Identify all lines below that hold "close" and collect them.

Start of Extracted information

lemma Vr_nonempty: "c \<in> C \<Longrightarrow> Vr_of C Fo Fu c u \<noteq> {}"
  using Fo_nonempty[of c u] insert_Fu_in_Vr[of c _ u] by blast

lemma Vr_elem: "r \<in> Vr_of C Fo Fu c u \<Longrightarrow> r \<subseteq> C \<and> r \<noteq> {} \<and> finite r"
  by (auto simp: Vr_of_def intro: card_ge_0_finite)

end

locale reachability_game = cmp_abstraction T C Fo Fu
  for T :: "'a::polish_space \<Rightarrow> 'u::finite \<Rightarrow> 'a measure" and C Fo Fu +
  fixes U :: "'a set set" and \<sigma> :: "'a set \<Rightarrow> 'u"
  assumes target_cells: "U \<subseteq> C"
begin

text \<open>Every admissible choice of Player 1 at a cell of attr (Suc k) contains a cell of attr k:
  Fu c u lies in every choice, and if it is empty the choice is a single cell of Fo c u.\<close>
fun attr :: "nat \<Rightarrow> 'a set set" where
  "attr 0 = U"
| "attr (Suc k) = attr k \<union> {c \<in> C. Fu c (\<sigma> c) \<inter> attr k \<noteq> {} \<or> (Fu c (\<sigma> c) = {} \<and> Fo c (\<sigma> c) \<subseteq> attr k)}"

definition Attr :: "'a set set" where
  "Attr = (\<Union>k. attr k)"

text \<open>From Trap, Player 1 can keep the play outside Attr forever; from To_trap, Player 1 can steer
  the play into Trap with positive probability while avoiding U.\<close>
definition Trap :: "'a set set" where
  "Trap = C - Attr"
lemma integrable_power2_diff:
  fixes c :: real
  assumes "finite_measure F" "integrable F (\<lambda>x. x)" "integrable F (\<lambda>x. x\<^sup>2)"
  shows "integrable F (\<lambda>x. (c - x)\<^sup>2)"
proof -
  have "(\<lambda>x. (c - x)\<^sup>2) = (\<lambda>x. c\<^sup>2 - 2 * c * x + x\<^sup>2)"
    by (simp add: power2_eq_square algebra_simps)
  then show ?thesis
    using assms by (simp add: finite_measure.integrable_const)
qed

definition log_norm :: "real \<Rightarrow> real \<Rightarrow> real" where
  "log_norm \<pi>\<^sub>1 \<pi>\<^sub>2 = \<pi>\<^sub>2 * ln (\<pi>\<^sub>2 / \<pi>\<^sub>1) - (\<pi>\<^sub>2 - \<pi>\<^sub>1)"

text \<open>The derivative of \<open>log_cdf\<close> on \<open>[\<pi>\<^sub>1, \<pi>\<^sub>2]\<close>; \<open>log_norm\<close> is the denominator in \<open>log_cdf\<close>.\<close>

definition log_density :: "real \<Rightarrow> real \<Rightarrow> real \<Rightarrow> real" where
  "log_density \<pi>\<^sub>1 \<pi>\<^sub>2 p = indicator {\<pi>\<^sub>1..\<pi>\<^sub>2} p * ((\<pi>\<^sub>2 / p - 1) / log_norm \<pi>\<^sub>1 \<pi>\<^sub>2)"

lemma borel_measurable_log_density [measurable]: "log_density \<pi>\<^sub>1 \<pi>\<^sub>2 \<in> borel_measurable borel"
  unfolding log_density_def by measurable

context
  fixes \<pi>\<^sub>1 \<pi>\<^sub>2 :: real
  assumes pos: "0 < \<pi>\<^sub>1" and less: "\<pi>\<^sub>1 < \<pi>\<^sub>2"
begin

lemma log_norm_pos: "0 < log_norm \<pi>\<^sub>1 \<pi>\<^sub>2"
proof -
  define t where "t = \<pi>\<^sub>2 / \<pi>\<^sub>1"
  have "t - 1 < t * ln t"
    using pos less by (intro diff_one_less_mult_ln) (auto simp: t_def)
  moreover have "log_norm \<pi>\<^sub>1 \<pi>\<^sub>2 = \<pi>\<^sub>1 * (t * ln t - (t - 1))"
    using pos by (simp add: log_norm_def t_def field_simps)
  ultimately show ?thesis using pos by simp
qed

lemma log_density_nonneg: "0 \<le> log_density \<pi>\<^sub>1 \<pi>\<^sub>2 p"
  using pos log_norm_pos
  by (auto simp: log_density_def field_simps split: split_indicator)

lemma integral_log_density_atMost:
  "(\<integral>p. log_density \<pi>\<^sub>1 \<pi>\<^sub>2 p * indicator {..x} p \<partial>lborel) =
     (if x < \<pi>\<^sub>1 then 0
      else if x < \<pi>\<^sub>2 then (\<pi>\<^sub>2 * ln (x / \<pi>\<^sub>1) - (x - \<pi>\<^sub>1)) / log_norm \<pi>\<^sub>1 \<pi>\<^sub>2
      else 1)"
proof (cases "x < \<pi>\<^sub>1")
  case False
  define m where "m = min x \<pi>\<^sub>2"
  define C where "C y = (\<pi>\<^sub>2 * ln (y / \<pi>\<^sub>1) - (y - \<pi>\<^sub>1)) / log_norm \<pi>\<^sub>1 \<pi>\<^sub>2" for y
  have "(\<lambda>p. log_density \<pi>\<^sub>1 \<pi>\<^sub>2 p * indicator {..x} p) =
      (\<lambda>p. indicator {\<pi>\<^sub>1..m} p * ((\<pi>\<^sub>2 / p - 1) / log_norm \<pi>\<^sub>1 \<pi>\<^sub>2))"
    by (auto simp: log_density_def m_def split: split_indicator)
  moreover have "(\<integral>p. indicator {\<pi>\<^sub>1..m} p * ((\<pi>\<^sub>2 / p - 1) / log_norm \<pi>\<^sub>1 \<pi>\<^sub>2) \<partial>lborel) = C m - C \<pi>\<^sub>1"
    using False pos less log_norm_pos unfolding C_def m_def
    by (intro integral_indicator_FTC)
      (auto intro!: derivative_eq_intros continuous_intros simp: field_simps)
  moreover have "C \<pi>\<^sub>2 = 1"
    using log_norm_pos by (simp add: C_def log_norm_def)
  ultimately show ?thesis
    using False by (auto simp: m_def C_def)
next
  case True
  then have "(\<lambda>p. log_density \<pi>\<^sub>1 \<pi>\<^sub>2 p * indicator {..x} p) = (\<lambda>_. 0)"
    by (auto simp: log_density_def split: split_indicator)
  then show ?thesis using True by simp
qed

End of Extracted information

→ Solution for this exercise:
  Fu c u lies in every choice, and if it is empty the choice is a single cell of Fo c u.\<close>
  the play into Trap with positive probability while avoiding U.\<close>
text \<open>The derivative of \<open>log_cdf\<close> on \<open>[\<pi>\<^sub>1, \<pi>\<^sub>2]\<close>; \<open>log_norm\<close> is the denominator in \<open>log_cdf\<close>.\<close>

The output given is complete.